So says Flextronics’ top engineer, Dr. Dongkai Shangguan, who argues that regardless of cost, electronics must be at the forefront.

In his engineering career, Dr. Dongkai Shangguan has migrated from the automotive industry to the upper tier of the world’s second-largest EMS/ODM. One might say that during that time, he’s also moved from the floors of a leading source of air pollution to a company now positioning itself to help customers alter that course of history. As a director of multiple trade associations involved in alternative energy, including SEMA, IPC and the Sustainable Electronics Manufacturing Working Group Board, Dr. Shangguan is also in position to influence not just Flextronics’ approach, but that of the entire industry. In an exclusive interview, Dr. Shangguan elaborated on the industry’s place in this new green world, and how Flextronics is working to shape it.

CA: Flextronics has customers all around the world, in markets with an innumerable amount of regulations and rules to understand. How do you stay on top of it all?

DS: Flextronics has environmental and sustainability initiatives throughout the organization. In my role, I focus on technology innovation to enable and advance sustainability, while my colleagues focus on other dimensions of sustainability (such as supply chain, operations, social responsibility, etc.).

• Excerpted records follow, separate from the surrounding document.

(* Let $m,n,r$ be positive integers with $r<\min\{m,n\}$ and let $\mathcal{M}=\{X\in\mathbb{R}^{m\times n} : \operatorname{rank}X\le r\}$. There exists a Zariski-open dense subset $\mathcal{U}$ of $\mathcal{M}$ such that the following holds for every $X^*=[x_1^*\cdots x_n^*]\in\mathcal{U}$ and every choice of permutation matrices $\tilde\Pi_1,\dots,\tilde\Pi_n\in\mathcal{P}_m$: setting $\tilde X=[\tilde\Pi_1x_1^*\cdots\tilde\Pi_nx_n^*]$, we have $\operatorname{rank}\underline{\pi}(\tilde X)\ge r$ for every $\underline{\pi}=(\Pi_1,\dots,\Pi_n)\in\mathcal{P}_m^n$, with equality if and only if $\underline{\pi}(\tilde X)=\Pi X^*$ for some $\Pi\in\mathcal{P}_m$.
   Context: $\mathcal{P}_m$ denotes the set of $m\times m$ permutation matrices and $\mathcal{P}_m^n=\prod_{j\in[n]}\mathcal{P}_m$ ($n$ ordered copies). For $\underline{\pi}=(\Pi_1,\dots,\Pi_n)\in\mathcal{P}_m^n$ and a matrix $Y=[y_1\cdots y_n]$ with columns $y_j$, $\underline{\pi}(Y)=[\Pi_1y_1\cdots\Pi_ny_n]$. $\mathcal{M}$ is the real algebraic variety defined by the vanishing of all $(r+1)\times(r+1)$ minors, equipped with the Zariski topology (closed sets are algebraic subvarieties of $\mathcal{M}$). *)

theory Defs
  imports "HOL-Analysis.Analysis"
begin

text \<open>Real m x n matrices are modelled as real^'n^'m (rows indexed by 'm, columns by 'n).\<close>

inductive_set poly_fun :: "((real^'n^'m) \<Rightarrow> real) set" where
  const: "(\<lambda>X. c) \<in> poly_fun"
| coord: "(\<lambda>X. X $ i $ j) \<in> poly_fun"
| add: "p \<in> poly_fun \<Longrightarrow> q \<in> poly_fun \<Longrightarrow> (\<lambda>X. p X + q X) \<in> poly_fun"
| mult: "p \<in> poly_fun \<Longrightarrow> q \<in> poly_fun \<Longrightarrow> (\<lambda>X. p X * q X) \<in> poly_fun"

definition lowrank :: "nat \<Rightarrow> (real^'n^'m) set" where
  "lowrank r = {X. rank X \<le> r}"

definition zariski_closed_in :: "(real^'n^'m) set \<Rightarrow> (real^'n^'m) set \<Rightarrow> bool" where
  "zariski_closed_in M Z \<longleftrightarrow> (\<exists>P \<subseteq> poly_fun. Z = {X \<in> M. \<forall>p\<in>P. p X = 0})"

definition zariski_open_in :: "(real^'n^'m) set \<Rightarrow> (real^'n^'m) set \<Rightarrow> bool" where
  "zariski_open_in M U \<longleftrightarrow> U \<subseteq> M \<and> zariski_closed_in M (M - U)"

definition zariski_dense_in :: "(real^'n^'m) set \<Rightarrow> (real^'n^'m) set \<Rightarrow> bool" where
  "zariski_dense_in M U \<longleftrightarrow> (\<forall>Z. zariski_closed_in M Z \<and> U \<subseteq> Z \<longrightarrow> Z = M)"

definition perm_matrices :: "(real^'m^'m) set" where
  "perm_matrices = {P. \<exists>\<sigma>. \<sigma> permutes (UNIV :: 'm set) \<and>
                        P = (\<chi> i j. if \<sigma> i = j then 1 else 0)}"

definition apply_perms :: "('n \<Rightarrow> real^'m^'m) \<Rightarrow> real^'n^'m \<Rightarrow> real^'n^'m" where
  "apply_perms \<pi> Y = (\<chi> i j. (\<pi> j *v column j Y) $ i)"

end

theory Submission
  imports Defs "HOL-Computational_Algebra.Polynomial"
begin

text \<open>
The rank-\<open>r\<close> matrices form an irreducible variety: they are the products \<open>A B\<close> with \<open>A\<close>
supported on a fixed set of \<open>r\<close> columns, and along the bilinear path
\<open>(A\<^sub>0 + t(A\<^sub>1 - A\<^sub>0))(B\<^sub>0 + t(B\<^sub>1 - B\<^sub>0))\<close> inside the variety every polynomial restricts
to a univariate polynomial. Hence a product of polynomials, each nonzero somewhere on the variety,
is nonzero somewhere, and its non-vanishing locus is open and dense.
For each of the finitely many non-constant tuples \<open>Q\<close> of permutation matrices one exhibits a
rank-\<open>r\<close> matrix \<open>X\<close> for which \<open>Q(X)\<close> has a nonzero \<open>(r+1)\<close>-minor: two columns of \<open>X\<close>
equal to the same unit vector are sent by \<open>Q\<close> to different unit vectors. Multiplying these minors
with one \<open>r\<close>-minor gives a polynomial whose non-vanishing locus \<open>U\<close> consists of rank-\<open>r\<close> matrices
whose rank strictly increases under every non-constant \<open>Q\<close>, while a constant tuple just
multiplies by one permutation matrix.
\<close>

lemma poly_fun_sum:
  "finite S \<Longrightarrow> (\<And>s. s \<in> S \<Longrightarrow> f s \<in> poly_fun) \<Longrightarrow> (\<lambda>X. \<Sum>s\<in>S. f s X) \<in> poly_fun"
proof (induction S rule: finite_induct)
  case empty then show ?case using poly_fun.const[where c=0] by simp
next
  case (insert x F) then show ?case by (simp add: poly_fun.add)
qed

lemma poly_fun_prod:
  "finite S \<Longrightarrow> (\<And>s. s \<in> S \<Longrightarrow> f s \<in> poly_fun) \<Longrightarrow> (\<lambda>X. \<Prod>s\<in>S. f s X) \<in> poly_fun"
proof (induction S rule: finite_induct)
  case empty then show ?case using poly_fun.const[where c=1] by simp
next
  case (insert x F) then show ?case by (simp add: poly_fun.mult)
qed

lemma poly_fun_det:
  fixes F :: "real^'n^'m \<Rightarrow> real^'k^'k"
  assumes "\<And>i j. (\<lambda>X. F X $ i $ j) \<in> poly_fun"
  shows "(\<lambda>X. det (F X)) \<in> poly_fun"
  unfolding det_def
  by (intro poly_fun_sum poly_fun.mult poly_fun.const poly_fun_prod assms) (auto intro: finite_subset)

subsection \<open>Permutation matrices\<close>

definition perm_matrix :: "('m \<Rightarrow> 'm) \<Rightarrow> real^'m^'m" where
  "perm_matrix \<sigma> = (\<chi> i j. if \<sigma> i = j then 1 else 0)"

lemma perm_matrices_eq_image: "perm_matrices = perm_matrix ` {\<sigma>. \<sigma> permutes UNIV}"
  by (auto simp: perm_matrices_def perm_matrix_def)

lemma perm_matrix_mult_vec: "perm_matrix \<sigma> *v x = (\<chi> i. x $ \<sigma> i)"
proof -
  have "(\<Sum>j\<in>UNIV. (if \<sigma> i = j then 1 else 0) * x $ j) = x $ \<sigma> i" for i
    by (simp add: if_distrib[of "\<lambda>y. y * _"] cong: if_cong)
  then show ?thesis by (simp add: perm_matrix_def matrix_vector_mult_def vec_eq_iff)
qed

lemma perm_matrix_mult_axis:
  assumes "\<sigma> permutes UNIV"
  shows "perm_matrix \<sigma> *v axis (\<sigma> a) 1 = axis a (1::real)"
  using permutes_inj[OF assms]
  by (auto simp: perm_matrix_mult_vec axis_def vec_eq_iff dest: injD)

lemma perm_matrix_mult: "perm_matrix \<sigma> ** perm_matrix \<tau> = perm_matrix (\<tau> \<circ> \<sigma>)"
proof -
  have "(\<Sum>k\<in>UNIV. (if \<sigma> i = k then 1 else 0) * (if \<tau> k = j then 1 else 0))
        = (if \<tau> (\<sigma> i) = j then 1 else (0::real))" for i j
    by (simp add: if_distrib[of "\<lambda>y. y * _"] cong: if_cong)
  then show ?thesis by (simp add: perm_matrix_def matrix_matrix_mult_def vec_eq_iff)
qed

lemma perm_matrices_mult_closed:
  "P \<in> perm_matrices \<Longrightarrow> Q \<in> perm_matrices \<Longrightarrow> P ** Q \<in> perm_matrices"
  unfolding perm_matrices_eq_image by (auto simp: perm_matrix_mult intro: permutes_compose)

lemma rank_perm_matrix_mult:
  fixes X :: "real^'n^'m"
  assumes "P \<in> perm_matrices"
  shows "rank (P ** X) = rank X"
proof -
  obtain \<sigma> where \<sigma>: "\<sigma> permutes UNIV" "P = perm_matrix \<sigma>"
    using assms unfolding perm_matrices_eq_image by auto
  have "perm_matrix (inv \<sigma>) ** P = mat 1"
    using \<sigma> by (simp add: perm_matrix_mult permutes_inverses(1) o_def)
      (simp add: perm_matrix_def mat_def vec_eq_iff)
  then have "X = perm_matrix (inv \<sigma>) ** (P ** X)" by (simp add: matrix_mul_assoc)
  then have "rank X \<le> rank (P ** X)" by (metis rank_mul_le_right)
  then show ?thesis using rank_mul_le_right[of P X] by linarith
qed

lemma finite_perm_matrix_tuples:
  "finite {Q :: 'n::finite \<Rightarrow> real^'m^'m. \<forall>j. Q j \<in> perm_matrices}"
proof -
  have "{Q :: 'n \<Rightarrow> real^'m^'m. \<forall>j. Q j \<in> perm_matrices} = PiE UNIV (\<lambda>_. perm_matrices)"
    by (auto simp: PiE_UNIV_domain)
  then show ?thesis
    by (simp add: finite_PiE perm_matrices_eq_image finite_permutations)
qed

lemma column_apply_perms: "column j (apply_perms \<pi> Y) = \<pi> j *v column j Y"
  by (simp add: apply_perms_def column_def vec_eq_iff)

lemma apply_perms_apply_perms:
  "apply_perms \<pi> (apply_perms \<rho> X) = apply_perms (\<lambda>j. \<pi> j ** \<rho> j) X"
  unfolding apply_perms_def[of \<pi> "apply_perms \<rho> X"] column_apply_perms
  by (simp add: apply_perms_def matrix_vector_mul_assoc)

lemma apply_perms_const: "apply_perms (\<lambda>j. P) X = P ** X"
  by (simp add: apply_perms_def matrix_matrix_mult_def matrix_vector_mult_def column_def vec_eq_iff)

lemma poly_fun_apply_perms: "(\<lambda>X. apply_perms Q X $ i $ j) \<in> poly_fun"
proof -
  have "(\<lambda>X. apply_perms Q X $ i $ j) = (\<lambda>X. \<Sum>l\<in>UNIV. Q j $ i $ l * X $ l $ j)"
    by (simp add: apply_perms_def matrix_vector_mult_def column_def)
  also have "\<dots> \<in> poly_fun"
    by (intro poly_fun_sum poly_fun.mult poly_fun.const poly_fun.coord) auto
  finally show ?thesis .
qed

lemma rank_le_card_columns:
  fixes X :: "real^'n^'m"
  assumes "finite C" "\<And>j. column j X \<in> insert 0 C"
  shows "rank X \<le> card C"
proof -
  have "range (\<lambda>x. X *v x) \<subseteq> span C"
  proof
    fix y assume "y \<in> range (\<lambda>x. X *v x)"
    then obtain x where "y = (\<Sum>j\<in>UNIV. x$j *\<^sub>R column j X)"
      by (auto simp: matrix_mult_sum scalar_mult_eq_scaleR)
    moreover have "column j X \<in> span C" for j
      using assms(2)[of j] by (auto intro: span_base span_zero)
    ultimately show "y \<in> span C" by (auto intro!: span_sum span_scale)
  qed
  then show ?thesis unfolding rank_dim_range using dim_le_card assms(1) by blast
qed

We have Design for the Environment (DfE) programs for all of our design centers worldwide, with processes, methodologies, checklists, restricted materials lists and several tools to enable our global design team to meet and exceed the environmental requirements of regulations and our customers. Our customer base is very diverse, and each has its own requirements, some that are beyond [exceed external] regulations. That’s our challenge, and we try to enable our global design teams to meet those requirements and go beyond in terms of designing products for energy efficiency and design for recycling.

When you go beyond that to address needs for recycling and energy efficiency, then you go to the manufacturing phase, and we are a leader in lead-free technology. We were first, I think, to get into volume production of lead-free. We published and promoted lead-free and environmentally friendly technologies throughout the industry. After lead-free implementation, we got involved in halogen-free and other initiatives in electronics manufacturing.

CA: Can you give some examples?
DS: Of course. We have implemented plastic molding technology that eliminates the need to paint certain plastic enclosures. The painting process has fumes, and it takes energy. Our FSKP process gives us such a good molding surface, we do not have to paint. That’s an example from the plastics area.

Then you consider clean technology. We have a comprehensive involvement in the clean tech business. Our solar PV module assembly, inverters, and so on – we are very involved in the clean tech business. Electronics, plastics, clean tech and others.

Then end-of-life: We are involved in logistics, rework, recovery. In logistics, we have a tool that can simulate to help us optimize logistics. Our tool enables us to optimize logistics and minimize environmental impact. This helps us and our customers optimize logistics. We are deeply involved in repair and recovery to minimize impact on waste stream.

CA: Often recovery is driven by cost – metals costs go up, recovery becomes more attractive. Have we broken that cycle?
DS:
In our facilities, recovery has always been part of our practice, regardless of fluctuations in the metals market. Of course when the prices go up, there is more interest from the people who work with us, but from our point of view, material recovery has been and will always be part of our standard factory processes.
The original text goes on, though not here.